SHOW ANALYZE [FORMAT=JSON] FOR <connection_id>;
SHOW ANALYZE
allows one to retrieve ANALYZE-like output from a currently running statement. The statement
SHOW ANALYZE [FORMAT=JSON] FOR <connection_id>;
connects to the query running in connection connection_id
, gets information about the query plan it is executing, also gets information about the runtime statistics of the execution so far and returns it in a format similar to ANALYZE [FORMAT=JSON]
output.
This is similar to the SHOW EXPLAIN command, the difference being that SHOW ANALYZE
also produces runtime statistics information.

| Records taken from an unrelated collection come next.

lemma nonspecial_same_block:
  assumes "nonspecial Q Z e1 en p"
  shows "same_block Q e1 en"
proof -
  have "same_block Q (fst p) (path_end Q p)"
    using same_block_path_end[OF basis_path_chain[OF nonspecialD(1)[OF assms]]] by simp
  moreover have "(fst p = e1 \<and> path_end Q p = en) \<or> (fst p = en \<and> path_end Q p = e1)"
    using assms by (simp add: nonspecial_def)
  ultimately show ?thesis
    by (auto dest: same_block_sym)
qed

lemma nsp_eq_0_if_not_same_block: "\<not> same_block Q e1 en \<Longrightarrow> nsp Q Z e1 en = 0"
  using nonspecial_same_block unfolding nsp_def by (metis card.empty empty_Collect_eq)

lemma nonspecial_not_truncation:
  assumes q: "q \<in> BA" "snd q \<noteq> []"
  shows "\<not> nonspecial Q Z e1 en (drop_last q)" "\<not> nonspecial Q Z e1 en (drop_first Q q)"
proof -
  have chain: "is_chain Q q" and no_rel: "\<not> contains_rel Z q"
    using q(1) basis_path_chain by (auto simp: basis_paths_def)
  have "last (snd q) \<in> arrs Q"
    using arrow_chain_arrs[OF chain] q(2) by auto
  then show "\<not> nonspecial Q Z e1 en (drop_last q)"
    using no_rel is_chain_drop_last(2)[OF chain q(2)] post_arr_drop_last[OF q(2)]
    by (auto simp: nonspecial_def)
  show "\<not> nonspecial Q Z e1 en (drop_first Q q)"
    using no_rel is_chain_drop_first(2)[OF chain q(2)] pre_arr_drop_first[OF chain q(2)]
    by (auto simp: nonspecial_def drop_first_def)
qed

lemma supp_on_nsp_support_in_ker_glue:
  assumes z: "z \<in> supp_on nsp_support"
  shows "z \<in> ker_delta0_ge1 QB BB"
proof -
  have "boundary Q (z \<circ> glue_pair e1 en) a q = 0" if q: "q \<in> BA" for a q
  proof -
    have chain: "is_chain Q q"
      using q basis_path_chain by blast
    have "z (diag (st (drop_last q))) = 0" "z (diag (st (drop_first Q q))) = 0" if "snd q \<noteq> []"
      using supp_onD[OF z] nonspecial_not_truncation[OF q that]
        diag_star_in_nsp_support_iff[OF is_chain_drop_last(1)[OF chain that]]
        diag_star_in_nsp_support_iff[OF is_chain_drop_first(1)[OF chain that]]
      by auto
    then show ?thesis
      by (simp add: boundary_def)
  qed
  moreover have "z \<in> supp_on VB"
    using z supp_on_mono[OF nsp_support_subset_VB] by blast
  ultimately show ?thesis
    by (simp add: ker_glue_iff)
qed

(* A special path extends by some arrow to a basis path, and the cycle condition at that
   arrow isolates the coefficient of the path. *)
lemma ker_glue_vanishes_on_special:
  assumes h: "h \<in> ker_delta0_ge1 QB BB" and q: "q \<in> BA" "fst q \<noteq> path_end Q q"
    and ends: "fst q \<in> {e1, en}" "path_end Q q \<in> {e1, en}" and special: "\<not> nonspecial Q Z e1 en q"
  shows "h (diag (st q)) = 0"
proof -
  have bd: "\<forall>a\<in>arrs Q. \<forall>p\<in>BA. boundary Q (h \<circ> glue_pair e1 en) a p = 0"
    using h ker_glue_iff by blast
  have chain: "is_chain Q q"
    using q(1) basis_path_chain by blast
  have nonempty: "snd q \<noteq> []"
    using q(2) by (auto simp: path_end_def)
  have "(fst q = e1 \<and> path_end Q q = en) \<or> (fst q = en \<and> path_end Q q = e1)"
    using ends q(2) by auto
  with special q(1) consider
      (post) a where "a \<in> arrs Q" "src Q a = path_end Q q" "\<not> contains_rel Z (post_arr a q)"
    | (pre) b where "b \<in> arrs Q" "tgt Q b = fst q" "\<not> contains_rel Z (pre_arr Q q b)"
    by (auto simp: nonspecial_def)
  then show ?thesis
  proof cases
    case post
    have "hd (snd q) \<noteq> a"
      using is_chain_drop_first(3)[OF chain nonempty] post(2) q(2) by auto
    from boundary_post_arr[OF nonempty this, of Q "h \<circ> glue_pair e1 en"]
    have "boundary Q (h \<circ> glue_pair e1 en) a (post_arr a q) = h (diag (st q))"
      by simp
    then show ?thesis
      using bd post_arr_basis_path[OF q(1) post] post(1) by metis
  next
    case pre
    have "last (snd q) \<noteq> b"
      using is_chain_drop_last(3)[OF chain nonempty] pre(2) q(2) by auto
    from boundary_pre_arr[OF pre(2) nonempty this, of "h \<circ> glue_pair e1 en"]
    have "boundary Q (h \<circ> glue_pair e1 en) b (pre_arr Q q b) = - h (diag (st q))"
      by simp
    then show ?thesis
      using bd pre_arr_basis_path[OF q(1) pre] pre(1) by (metis neg_equal_0_iff_equal)
  qed
qed

definition pullback :: "('v \<times> ('v, 'a) path \<Rightarrow> 'k::field) \<Rightarrow> ('v \<times> ('v, 'a) path \<Rightarrow> 'k)" where
  "pullback h = (\<lambda>y. if y \<in> VA then h (glue_pair e1 en y) else 0)"

lemma pullback_supp_on: "pullback h \<in> supp_on VA"
  by (simp add: pullback_def supp_on_def)

lemma pullback_in_ker:
  assumes h: "h \<in> ker_delta0_ge1 QB BB"
  shows "pullback h \<in> ker_delta0_ge1 Q BA"
proof -
  have h_supp: "h \<in> supp_on VB"
    and bd: "\<forall>a\<in>arrs Q. \<forall>q\<in>BA. boundary Q (h \<circ> glue_pair e1 en) a q = 0"
    using h ker_glue_iff by auto
  have agree: "\<forall>y\<in>VP Q BA. pullback h y = (h \<circ> glue_pair e1 en) y"
  proof
    fix y assume y: "y \<in> VP Q BA"
    show "pullback h y = (h \<circ> glue_pair e1 en) y"
    proof (cases "y \<in> VA")
      case False
      with y have "snd (snd y) = []"
        by (auto simp: VP_ge1_def path_len_def Suc_le_eq)
      then have "glue_pair e1 en y \<notin> VB"
        by (auto simp: VP_ge1_iff glue_pair_def)
      with False show ?thesis
        using supp_onD[OF h_supp] by (simp add: pullback_def)
    qed (simp add: pullback_def)
  qed
  have "boundary Q (pullback h) a q = 0" if "a \<in> arrs Q" "q \<in> BA" for a q
  proof (cases "(a, q) \<in> AP Q BA")
    case True
    then show ?thesis
      using boundary_cong_VP[OF True agree] bd that by (simp add: comp_def)
  next
    case False
    then show ?thesis
      using boundary_eq_0_if_not_AP[OF _ that(2) basis_path_chain[OF that(2)] that(1)]
        pullback_supp_on supp_on_mono[of VA "VP Q BA"] by (auto simp: VP_ge1_def)
  qed
  then show ?thesis
    using pullback_supp_on by (simp add: ker_delta0_ge1_iff_boundary)
qed

lemma ker_glue_supp_on:
  assumes h: "h \<in> ker_delta0_ge1 QB BB"
  shows "h \<in> supp_on (glue_pair e1 en ` VA \<union> nsp_support)"
proof -
  have "h x = 0" if x: "x \<notin> glue_pair e1 en ` VA" "x \<notin> nsp_support" for x
  proof (cases "x \<in> VB")
    case False
    then show ?thesis
      using h supp_onD by (auto simp: ker_glue_iff)
  next
    case True
    then obtain q where q: "q \<in> BA" "snd q \<noteq> []" "x = diag (st q)" "g (path_end Q q) = g (fst q)"
      by (rule VB_elem)
    have "path_end Q q \<noteq> fst q"
    proof
      assume "path_end Q q = fst q"
      then have "x \<in> glue_pair e1 en ` VA"
        using q diag_in_VA_iff by (metis glue_pair_diag image_eqI)
      with x(1) show False ..
    qed
    moreover from this have "fst q \<in> {e1, en}" "path_end Q q \<in> {e1, en}"
      using glue_v_eqD[OF q(4)] by auto
    moreover have "\<not> nonspecial Q Z e1 en q"
      using x(2) q(3) diag_star_in_nsp_support_iff[OF basis_path_chain[OF q(1)]] by simp
    ultimately show ?thesis
      using ker_glue_vanishes_on_special[OF h q(1)] q(3) by simp
  qed
  then show ?thesis
    by (auto simp: supp_on_def)
qed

You're trying to troubleshoot a query that never finishes. Since it doesn't finish, it is not possible to get ANALYZE output for it. With SHOW ANALYZE
, you can get the runtime statistics without waiting for the query to finish.
Consider the tables orders
and customer
and a join query finding the total amount of orders from customers with Gold status:
EXPLAIN format=json
SELECT sum(orders.amount)
FROM
customer JOIN orders ON customer.cust_id=orders.cust_id
WHERE
customer.status='GOLD';
The output of this query looks like this:
+------+-------------+----------+------+---------------+---------+---------+------------------+--------+-------------+
| id | select_type | table | type | possible_keys | key | key_len | ref | rows | Extra |
+------+-------------+----------+------+---------------+---------+---------+------------------+--------+-------------+
| 1 | SIMPLE | customer | ALL | PRIMARY | NULL | NULL | NULL | 199786 | Using where |
| 1 | SIMPLE | orders | ref | cust_id | cust_id | 5 | customer.cust_id | 1 | |
+------+-------------+----------+------+---------------+---------+---------+------------------+--------+-------------+
We run the SELECT, and it has been running for 30 seconds. Let's try SHOW ANALYZE
:
SHOW ANALYZE format=json FOR 3;
| {
"r_query_time_in_progress_ms": 32138,
The statement shows how long the query has been running.
"query_block": {
"select_id": 1,
"r_loops": 1,
"nested_loop": [
{
"table": {
"table_name": "customer",
"access_type": "ALL",
"possible_keys": ["PRIMARY"],
"r_loops": 1,
"rows": 199786,
"r_rows": 110544,
rows
shows the number of rows expected. r_rows
in shows how many rows were processed so far (110K out of expected 200K). r_loops
shows we're doing the first table scan (which is obvious for this query plan).
"filtered": 100,
"r_filtered": 9.538283398,
"attached_condition": "customer.`status` = 'GOLD'"
}
},
{
"table": {
"table_name": "orders",
"access_type": "ref",
"possible_keys": ["cust_id"],
"key": "cust_id",
"key_length": "5",
"used_key_parts": ["cust_id"],
"ref": ["test.customer.cust_id"],
"r_loops": 10544,
"rows": 1,
"r_rows": 99.99222307,
rows: 1
shows the optimizer was expecting 1 order per customer. But r_rows: 99.9
shows that it has found on average 100 orders per customer. This may be the reason the query is slower than expected.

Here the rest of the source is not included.